▶ _Description of the task_
Where a line below holds the string "zero", count it; then give the total without any other words.

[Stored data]
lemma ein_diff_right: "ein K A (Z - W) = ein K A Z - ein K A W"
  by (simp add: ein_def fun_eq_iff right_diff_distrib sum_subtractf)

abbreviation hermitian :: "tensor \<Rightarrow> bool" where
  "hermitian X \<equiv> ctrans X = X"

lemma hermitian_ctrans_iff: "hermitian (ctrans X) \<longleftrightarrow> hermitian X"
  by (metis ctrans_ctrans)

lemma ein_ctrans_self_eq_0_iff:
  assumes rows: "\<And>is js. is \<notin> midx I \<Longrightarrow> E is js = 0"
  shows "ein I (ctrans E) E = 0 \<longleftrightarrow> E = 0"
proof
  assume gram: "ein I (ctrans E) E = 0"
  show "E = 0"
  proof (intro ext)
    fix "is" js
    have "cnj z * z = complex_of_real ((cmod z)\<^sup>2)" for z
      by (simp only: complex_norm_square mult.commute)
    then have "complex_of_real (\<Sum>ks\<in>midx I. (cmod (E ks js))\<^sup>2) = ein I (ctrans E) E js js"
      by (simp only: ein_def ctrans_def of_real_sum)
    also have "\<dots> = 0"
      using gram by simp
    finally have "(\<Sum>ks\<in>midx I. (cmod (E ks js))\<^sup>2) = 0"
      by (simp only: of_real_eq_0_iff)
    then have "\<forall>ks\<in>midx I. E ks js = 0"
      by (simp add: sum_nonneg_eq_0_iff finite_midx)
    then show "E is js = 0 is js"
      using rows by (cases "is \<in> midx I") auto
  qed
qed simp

--

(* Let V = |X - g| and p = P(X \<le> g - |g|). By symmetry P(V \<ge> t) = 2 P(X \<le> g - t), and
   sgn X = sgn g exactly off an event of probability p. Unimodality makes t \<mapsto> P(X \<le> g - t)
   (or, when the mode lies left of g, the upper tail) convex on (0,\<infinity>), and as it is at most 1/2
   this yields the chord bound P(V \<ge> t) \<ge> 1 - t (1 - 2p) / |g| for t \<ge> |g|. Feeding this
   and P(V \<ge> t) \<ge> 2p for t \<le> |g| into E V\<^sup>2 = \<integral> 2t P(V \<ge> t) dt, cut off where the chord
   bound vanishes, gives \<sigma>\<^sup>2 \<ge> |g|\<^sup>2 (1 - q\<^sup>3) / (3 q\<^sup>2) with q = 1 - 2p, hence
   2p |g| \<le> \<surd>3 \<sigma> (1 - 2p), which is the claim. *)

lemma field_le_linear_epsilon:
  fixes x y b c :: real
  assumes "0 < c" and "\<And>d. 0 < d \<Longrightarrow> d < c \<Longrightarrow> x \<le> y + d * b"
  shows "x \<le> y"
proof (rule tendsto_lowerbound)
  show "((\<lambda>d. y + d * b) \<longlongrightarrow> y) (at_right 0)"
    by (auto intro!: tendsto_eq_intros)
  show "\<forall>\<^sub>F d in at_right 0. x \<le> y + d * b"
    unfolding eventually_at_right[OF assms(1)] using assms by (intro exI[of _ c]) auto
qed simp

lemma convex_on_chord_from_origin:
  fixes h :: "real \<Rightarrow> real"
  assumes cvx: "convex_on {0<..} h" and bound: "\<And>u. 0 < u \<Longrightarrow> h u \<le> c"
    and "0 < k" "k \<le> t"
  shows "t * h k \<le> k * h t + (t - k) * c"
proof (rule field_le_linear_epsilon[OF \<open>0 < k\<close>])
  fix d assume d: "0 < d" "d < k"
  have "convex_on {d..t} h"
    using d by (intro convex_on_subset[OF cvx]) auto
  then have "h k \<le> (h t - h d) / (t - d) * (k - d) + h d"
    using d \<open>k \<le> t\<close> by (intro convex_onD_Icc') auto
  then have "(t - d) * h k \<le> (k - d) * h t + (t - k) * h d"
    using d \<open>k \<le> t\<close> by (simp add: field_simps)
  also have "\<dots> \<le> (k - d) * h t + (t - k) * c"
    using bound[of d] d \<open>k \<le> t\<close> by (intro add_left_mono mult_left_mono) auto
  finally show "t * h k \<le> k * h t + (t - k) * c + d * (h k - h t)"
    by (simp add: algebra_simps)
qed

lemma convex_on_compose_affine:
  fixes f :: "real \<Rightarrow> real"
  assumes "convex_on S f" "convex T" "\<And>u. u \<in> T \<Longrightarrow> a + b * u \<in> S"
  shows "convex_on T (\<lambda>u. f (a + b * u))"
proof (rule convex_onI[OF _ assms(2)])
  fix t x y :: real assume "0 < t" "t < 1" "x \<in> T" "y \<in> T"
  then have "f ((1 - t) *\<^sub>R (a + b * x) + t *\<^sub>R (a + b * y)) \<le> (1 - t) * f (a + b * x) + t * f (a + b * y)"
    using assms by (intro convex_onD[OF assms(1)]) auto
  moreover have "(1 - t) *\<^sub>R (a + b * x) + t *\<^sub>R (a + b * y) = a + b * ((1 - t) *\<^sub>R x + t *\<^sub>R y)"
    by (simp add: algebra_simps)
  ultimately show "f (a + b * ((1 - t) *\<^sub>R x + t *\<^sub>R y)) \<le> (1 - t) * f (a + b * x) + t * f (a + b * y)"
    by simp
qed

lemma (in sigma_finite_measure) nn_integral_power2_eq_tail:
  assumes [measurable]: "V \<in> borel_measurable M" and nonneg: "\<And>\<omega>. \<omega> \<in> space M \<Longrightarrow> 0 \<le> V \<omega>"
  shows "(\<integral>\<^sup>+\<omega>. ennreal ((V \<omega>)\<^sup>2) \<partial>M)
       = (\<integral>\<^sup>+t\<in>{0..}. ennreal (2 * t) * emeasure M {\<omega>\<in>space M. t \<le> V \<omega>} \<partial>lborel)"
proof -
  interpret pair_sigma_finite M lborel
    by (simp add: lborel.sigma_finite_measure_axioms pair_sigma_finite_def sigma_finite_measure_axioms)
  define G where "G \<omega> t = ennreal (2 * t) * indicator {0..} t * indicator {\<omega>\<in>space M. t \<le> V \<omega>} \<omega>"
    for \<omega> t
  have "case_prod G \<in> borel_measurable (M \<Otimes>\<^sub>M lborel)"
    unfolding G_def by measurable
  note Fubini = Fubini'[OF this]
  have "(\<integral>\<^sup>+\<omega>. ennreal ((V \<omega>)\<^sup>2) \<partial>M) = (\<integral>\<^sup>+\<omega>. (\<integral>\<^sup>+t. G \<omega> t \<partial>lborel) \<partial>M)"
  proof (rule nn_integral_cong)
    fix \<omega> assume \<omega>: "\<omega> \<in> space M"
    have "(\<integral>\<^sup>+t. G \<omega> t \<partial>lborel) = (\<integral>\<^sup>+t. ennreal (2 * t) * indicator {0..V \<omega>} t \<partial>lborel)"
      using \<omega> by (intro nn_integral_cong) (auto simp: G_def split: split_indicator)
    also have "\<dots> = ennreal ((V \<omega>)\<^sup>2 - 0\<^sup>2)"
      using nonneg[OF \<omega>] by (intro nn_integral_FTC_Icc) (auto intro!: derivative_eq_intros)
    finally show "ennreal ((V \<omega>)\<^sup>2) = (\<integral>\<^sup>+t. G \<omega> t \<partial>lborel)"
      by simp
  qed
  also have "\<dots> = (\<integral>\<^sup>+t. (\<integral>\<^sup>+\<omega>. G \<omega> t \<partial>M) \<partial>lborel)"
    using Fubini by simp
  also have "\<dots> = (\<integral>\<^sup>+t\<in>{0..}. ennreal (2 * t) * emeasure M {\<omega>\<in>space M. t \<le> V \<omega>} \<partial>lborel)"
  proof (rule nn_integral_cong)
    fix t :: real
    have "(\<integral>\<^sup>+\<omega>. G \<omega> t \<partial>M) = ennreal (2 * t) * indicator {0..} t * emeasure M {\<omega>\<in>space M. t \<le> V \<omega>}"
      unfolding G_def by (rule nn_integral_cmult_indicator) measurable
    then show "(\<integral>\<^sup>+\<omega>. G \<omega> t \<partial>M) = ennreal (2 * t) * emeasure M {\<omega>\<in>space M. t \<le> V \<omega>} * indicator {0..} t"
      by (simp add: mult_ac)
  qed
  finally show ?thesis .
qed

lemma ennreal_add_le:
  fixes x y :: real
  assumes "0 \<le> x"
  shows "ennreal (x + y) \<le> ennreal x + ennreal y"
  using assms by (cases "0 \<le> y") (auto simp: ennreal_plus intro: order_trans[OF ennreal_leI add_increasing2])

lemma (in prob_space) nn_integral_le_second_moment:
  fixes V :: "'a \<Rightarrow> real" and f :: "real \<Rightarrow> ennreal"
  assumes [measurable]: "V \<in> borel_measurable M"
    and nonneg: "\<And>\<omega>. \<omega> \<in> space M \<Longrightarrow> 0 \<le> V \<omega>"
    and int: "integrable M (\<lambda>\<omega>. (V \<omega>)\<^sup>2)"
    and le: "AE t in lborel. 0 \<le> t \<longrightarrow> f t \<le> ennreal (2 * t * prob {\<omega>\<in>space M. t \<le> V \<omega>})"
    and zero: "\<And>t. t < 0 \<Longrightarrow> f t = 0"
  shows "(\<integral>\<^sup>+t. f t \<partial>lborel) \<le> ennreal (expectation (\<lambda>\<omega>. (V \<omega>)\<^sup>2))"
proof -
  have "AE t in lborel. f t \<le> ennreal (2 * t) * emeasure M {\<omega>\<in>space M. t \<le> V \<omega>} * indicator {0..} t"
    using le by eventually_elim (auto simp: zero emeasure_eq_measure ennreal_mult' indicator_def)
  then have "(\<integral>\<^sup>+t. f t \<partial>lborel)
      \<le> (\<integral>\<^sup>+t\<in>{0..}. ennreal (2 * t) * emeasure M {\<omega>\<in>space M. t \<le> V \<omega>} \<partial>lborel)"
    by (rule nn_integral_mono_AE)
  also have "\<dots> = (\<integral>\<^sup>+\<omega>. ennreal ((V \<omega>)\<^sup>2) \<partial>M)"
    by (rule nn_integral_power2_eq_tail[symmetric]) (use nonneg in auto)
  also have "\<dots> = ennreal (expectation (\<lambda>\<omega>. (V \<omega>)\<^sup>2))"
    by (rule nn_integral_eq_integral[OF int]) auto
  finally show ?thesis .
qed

▶ _Exercise result_
2